This article appears in the Fall 2018 magazine issue of DOCUMENT Strategy. Subscribe.

©2018 DOCUMENT Strategy

In late June, just a few hours before heading home for the summer, the California legislature passed AB 375, the California Consumer Privacy Act of 2018. As a result of its passage, Alastair Mactaggart, the man behind a November ballot initiative to pass a similar law, agreed to pull his bill from the ballot.

Now we have what industry insiders are calling CaCPA (say “kack-pa”), and it ensures that the landscape for consumer privacy in the United States will never be the same again.

In a news conference held to celebrate the bill’s passage and signature by Governor Jerry Brown, Assemblymember Ed Chau, who leads the California Assembly’s Privacy Committee, called the bill a “historic step” for California consumers, “giving them control over their personal data.” The law, he said, “forges a path forward to lead the nation once again on privacy and consumer protection issues.”

While there is still time for the bill to be amended before it comes into force on January 1, 2020 (Editor's Note: Already, we have seen an amendment passed by the California legislature in the form of SB 1121, which was signed by Governor Brown on September 23, 2018), the major components of the CaCPA would make it so:
  • Consumers have the ability to request a record of what types of data an organization holds about them, including information about how the business uses their data and the sharing of that data with any third party.
  • Businesses will have to have a verification process in place so consumers can prove their identity when making a request for their personal information.
  • Consumers have a full right to erasure, with carve-outs for completion of a transaction, research, free speech, and some internal analytical use.
  • Organizations will have to disclose to whom they sell data, and consumers will have the ability to object to the sale of their data. Businesses will have to put a special "Do Not Sell My Personal Information" button on their websites to make it easy for consumers to object.
  • The sale of children's data will require express opt in, either by the child, if between ages 13 and 16, or by the parent, if the child is younger than 13.
  • Organizations cannot "discriminate against a consumer" based on exercising any of the rights granted in the bill. For example, a business can't provide a different level or quality of service based on a consumer objecting to the sale of their data. However, organizations could offer higher tiers of service or product in exchange for more data as long as they're not "unjust" or "usurious."
  • A covered business is defined as any for-profit entity that either earns $25 million in annual revenue; holds the personal data of 50,000 people, households, or devices; or earns at least half of its revenue in the sale of personal data.
  • The law would be enforced by the Attorney General and would create a private right of action for unauthorized access to a consumer's "nonencrypted or nonredacted personal information." Failure to address an alleged violation within 30 days could lead to a $7,500 fine per violation (which could be per record in the database, for example).
  • The law protects any "consumer," defined as a "natural person who is a California resident," which includes "(1) every individual who is in the State for other than a temporary or transitory purpose, and (2) every individual who is domiciled in the State who is outside the State for a temporary or transitory purpose."
In an analysis conducted by our research team at the International Association of Privacy Professionals (IAPP), we predict the law will affect a conservative estimate of 500,000 companies in the United States alone. Clearly, many businesses around the world that do business with California residents will be affected as well.

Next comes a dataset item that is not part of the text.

(* Let $s\geqslant1$. The Beth model $\mathcal{B}_s$ forces (at its root) the universal closures of all instances, with types $\leqslant s$, of the following axioms for lawless functionals ($1\leqslant n\leqslant s$): (LL1) $\exists\mathcal F^n(\forall y\leqslant x)(\mathcal F(y)=F^n(y))$; (LL2) $\mathcal F^n=\mathcal G^n\vee\mathcal F^n\neq\mathcal G^n$; (LL3) $\varphi(\mathcal H^n)\supset\exists x\forall\mathcal G^n[(\forall y<x)(\mathcal G(y)=\mathcal H(y))\supset\varphi(\mathcal G)]$, for every formula $\varphi$ of $LP_s$ with $sort(\varphi)\leqslant n$ having no free variables of type $n$ over non-lawlike functionals other than $\mathcal H^n$.
   Context: $sort(\varphi)$ is the maximal type of the free variables of $\varphi$ (0 if none); number variables have type 0, functional variables $F^n,A^n,\mathcal F^n$ have type $n$; non-lawlike variables of type $n$ are the $F^n$ and $\mathcal F^n$. Language $L_s$ ($s\geqslant1$). Variables: $x,y,z,\dots$ of type 0 (natural numbers); for $1\leqslant n\leqslant s$, variables $F^n,G^n,\dots$ (over $n$-functionals), $A^n,B^n,\dots$ (over lawlike $n$-functionals), $\mathcal{F}^n,\mathcal{G}^n,\dots$ (over lawless $n$-functionals). Constants $0$, $K^n$. Terms/$n$-functionals: number variables and $0$ are terms; type-$n$ variables and $K^n$ are $n$-functionals; $St,t+\tau,t\cdot\tau$ terms; $N^n(Z)$ an $n$-functional; $Z(t)=Ap^1(Z,t)$ a term for a 1-functional $Z$; $Z(t)=Ap^{n+1}(Z,t)$ an $n$-functional for an $(n+1)$-functional $Z$. Atomic formulas $t=_0\tau$, $Z=_nV$; formulas with $\bot,\wedge,\vee,\supset,\forall,\exists$, $\neg\varphi:=\varphi\supset\bot$. $LP_s$ adds atomic formulas $\vdash_z\varphi(\bar X)$ for terms $z$ and formulas $\varphi$ of $L_s$ with free variables in $\bar X$. Beth model $\mathcal{B}_s$. Path = maximal linearly ordered subset; path through $x$ = path containing $x$. $b^{(m)}$: length-$m$ sequences; $b^*$: finite sequences, $y\leqslant x$ iff $x$ is an initial segment of $y$. $a_0=\omega$, $d_0=\{\langle x\rangle:x\in\omega^*\}$, $\langle x\rangle\preccurlyeq_0\langle y\rangle$ iff $x\leqslant y$. For $k\geqslant1$: $a_k$ = partial $f:d_{k-1}\times\omega\dashrightarrow a_{k-1}$, monotonic ($y\preccurlyeq_{k-1}x\Rightarrow f(x,\cdot)\subseteq f(y,\cdot)$) and complete (for each path $S$ in $d_{k-1}$, $\bigcup_{x\in S}f(x,\cdot)$ total); $d_k=\bigcup_m a_0^{(m)}\times\dots\times a_k^{(m)}$, $x\preccurlyeq_ky$ iff $\langle x\rangle_i\leqslant\langle y\rangle_i$ for $i\leqslant k$, $lh(x)=m$. Nodes $M=d_{s-1}$, $\preccurlyeq=\preccurlyeq_{s-1}$, root $\varepsilon$; $\bar\alpha(k)=\langle\alpha_0,\dots,\alpha_{k-1}\rangle\in d_{k-1}$. Domains: $\omega$; $a_k$; $b_k=\{f\in a_k:f(\text{root},\cdot)\text{ total}\}$; $l_k=\{\nu_k(\xi):\xi\in c_k\}$, $c_k$ = maps $\xi:\omega\times a_{k-1}\to a_{k-1}$ with each $\xi(n,\cdot)$ bijective, $\nu_k(\xi)(x,n)=\xi(n,\langle\langle x\rangle_{k-1}\rangle_n)$ if $n<lh(x)$, else undefined. Interpretations: $\widehat K^1(x,n)=0$, $\widehat K^{k+1}(x,n)=\widehat K^k$; usual $0,S,+,\cdot$; $N^k\mapsto S^k$ ($S^0(x)=x+1$, $S^{n+1}(f)=S^n\circ f$); at $\alpha$, $Ap^k(f,n)\mapsto f(\bar\alpha(k),n)$; $Z^{[\alpha]}$ is the possibly undefined value. $Val(\alpha,Z=_kV)=T$ iff both defined and equal; $Val(\alpha,\vdash_t\varphi)=T$ iff $t^{[\alpha]}$ defined and some $\gamma\succcurlyeq\alpha$ with $lh(\gamma)=t^{[\alpha]}$ forces $\varphi$. Forcing (Beth): atomic: every path through $\alpha$ meets $\beta$ with $Val=T$; $\alpha\not\Vdash\bot$; $\wedge$ componentwise; $\vee$ and $\exists$: every path through $\alpha$ meets a node forcing a disjunct / an instance $\psi(c)$; $\supset$: every $\beta\preccurlyeq\alpha$ forcing the antecedent forces the consequent; $\forall$: all instances forced at $\alpha$. $\mathcal B_s\Vdash\varphi$ iff $\varepsilon\Vdash\varphi$. *)

theory Defs
  imports Main "HOL-Library.Sublist"
begin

Of course, this begs the question, “Who won’t be affected?” Those businesses that fall under the Health Insurance Portability and Accountability Act (HIPAA) are not covered by this bill, so healthcare establishments can remain focused on HIPAA.

(Editor's Note: Additionally, the SB 1121 also exempts medical information governed by the Confidentiality of Medical Information Act or the Health Information Technology for Economic and Clinical Health Act as well as personal information collected, processed, or disclosed in accordance with the Gramm-Leach-Bliley Act or the California Financial Information Privacy Act.)

In addition, the bill defines a “business” as one that is “organized or operated for the profit or financial benefit of its shareholders or other owners,” which may be intended to exclude non-profits. This may be clarified later.

Finally, the law stipulates that one has to “do business in the state of California.” There’s a possibility that merely selling things to people who live in California via the Internet, but not having a physical presence there, might exclude a business from this law’s jurisdiction. However, considering the recent ruling by the Supreme Court of the United States on sales tax collection, that’s doubtful.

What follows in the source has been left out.